Just to back up Soulberry says, perhaps the pitches will have become drier by the third test, and India can then go ahead and play Powar for a double-spin attack.

Cricket Guru said...

We will most definitely see a twin spin attack in the third test.

The 'Australian' way of doing things would have meant that Dhoni sits out of the XI, irrespective of his form. His struggle behind the stumps has come as a blessing in disguise.

It would be less controversial to drop him under prevailing circumstances.

granderBharata said...

well
you have to look at the era.etc etc 1931 to 1952 england were like the bangladesh of the time. they really skews up the stats

I feel you should not weight urself down too much by stats.Just go out and play ur best game.Records are there to be broken.

About dhoni, i dont really think he has struggled behind the stmps, did pretty ok and has improved(from what I could tell from cricinfo) against england lions.
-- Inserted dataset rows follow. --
(* Let $S$ be a Phillips symmetric operator in a separable Hilbert space and let $A$ be a proper extension of $S$ (i.e. $S\subset A\subset S^*$). Then the spectrum $\sigma(A)$ is one of the following sets: (i) $\mathbb R$; (ii) $\mathbb C_-\cup\mathbb R$ or $\mathbb R\cup\mathbb C_+$; (iii) $\mathbb C$.
   Context: A closed densely defined symmetric operator $S$ with equal nonzero defect numbers is a Phillips symmetric operator (PSO) if its characteristic function is constant on $\mathbb C_+$; here, given a boundary triplet $(\mathcal H,\Gamma_-,\Gamma_+)$ of $S^*$ (i.e. $\Gamma_\pm:\mathcal D(S^* )\to\mathcal H$ linear, $(S^*f,g)-(f,S^*g)=i[(\Gamma_+f,\Gamma_+g)-(\Gamma_-f,\Gamma_-g)]$, $(\Gamma_-,\Gamma_+)$ surjective onto $\mathcal H\oplus\mathcal H$), the characteristic function $\Theta(\lambda)$, $\lambda\in\mathbb C_+$, is the bounded operator in $\mathcal H$ with $\mathcal D(S)\dotplus\ker(S^*-\lambda I)=\{f\in\mathcal D(S^* ):\Theta(\lambda)\Gamma_+f=\Gamma_-f\}$. *)

theory Defs
  imports "HOL-Analysis.Analysis" "HOL-Library.Equipollence"
begin

text \<open>Complex pre-Hilbert structure on a type with addition: scalar multiplication and an
inner product (linear in the first argument, conjugate-linear in the second).\<close>

record 'a cip =
  smul :: "complex \<Rightarrow> 'a \<Rightarrow> 'a"
  inner :: "'a \<Rightarrow> 'a \<Rightarrow> complex"

definition cnorm :: "('a, 'b) cip_scheme \<Rightarrow> 'a \<Rightarrow> real" where
  "cnorm V x = sqrt (Re (inner V x x))"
I would pick Yuvraj over Dhoni, but Kartick's job would become more difficult. Let him concentrate on opening

granderBharata said...

typo meant "india" not "england"

Cricket Guru said...

GB, India's record in those 20 years won't alter the overall stats much. For, they played only eight series in that span, three of which were at home.

Anonymous said...

CG, by twin spin attack you mean to say Kumble and Powar playing the third test match? Do you think Powar is test quality?

The_wall.

Anonymous said...

CG, by twin spin attack you mean to say Kumble and Powar playing the third test match? Do you think Powar is test quality?

The_wall.

Cricket Guru said...

Welcome The_Wall,

Yes, I meant Kumble and Powar when I spoke of the twin spin attack.

But that was before the test series started. Looking at our bowlers' performance thus far, I am now inclined to continue with the same attack (3 pacers + Kumble) for the Oval Test, Sreesanth's none so impressive bowling at Trent Bridge notwithstanding.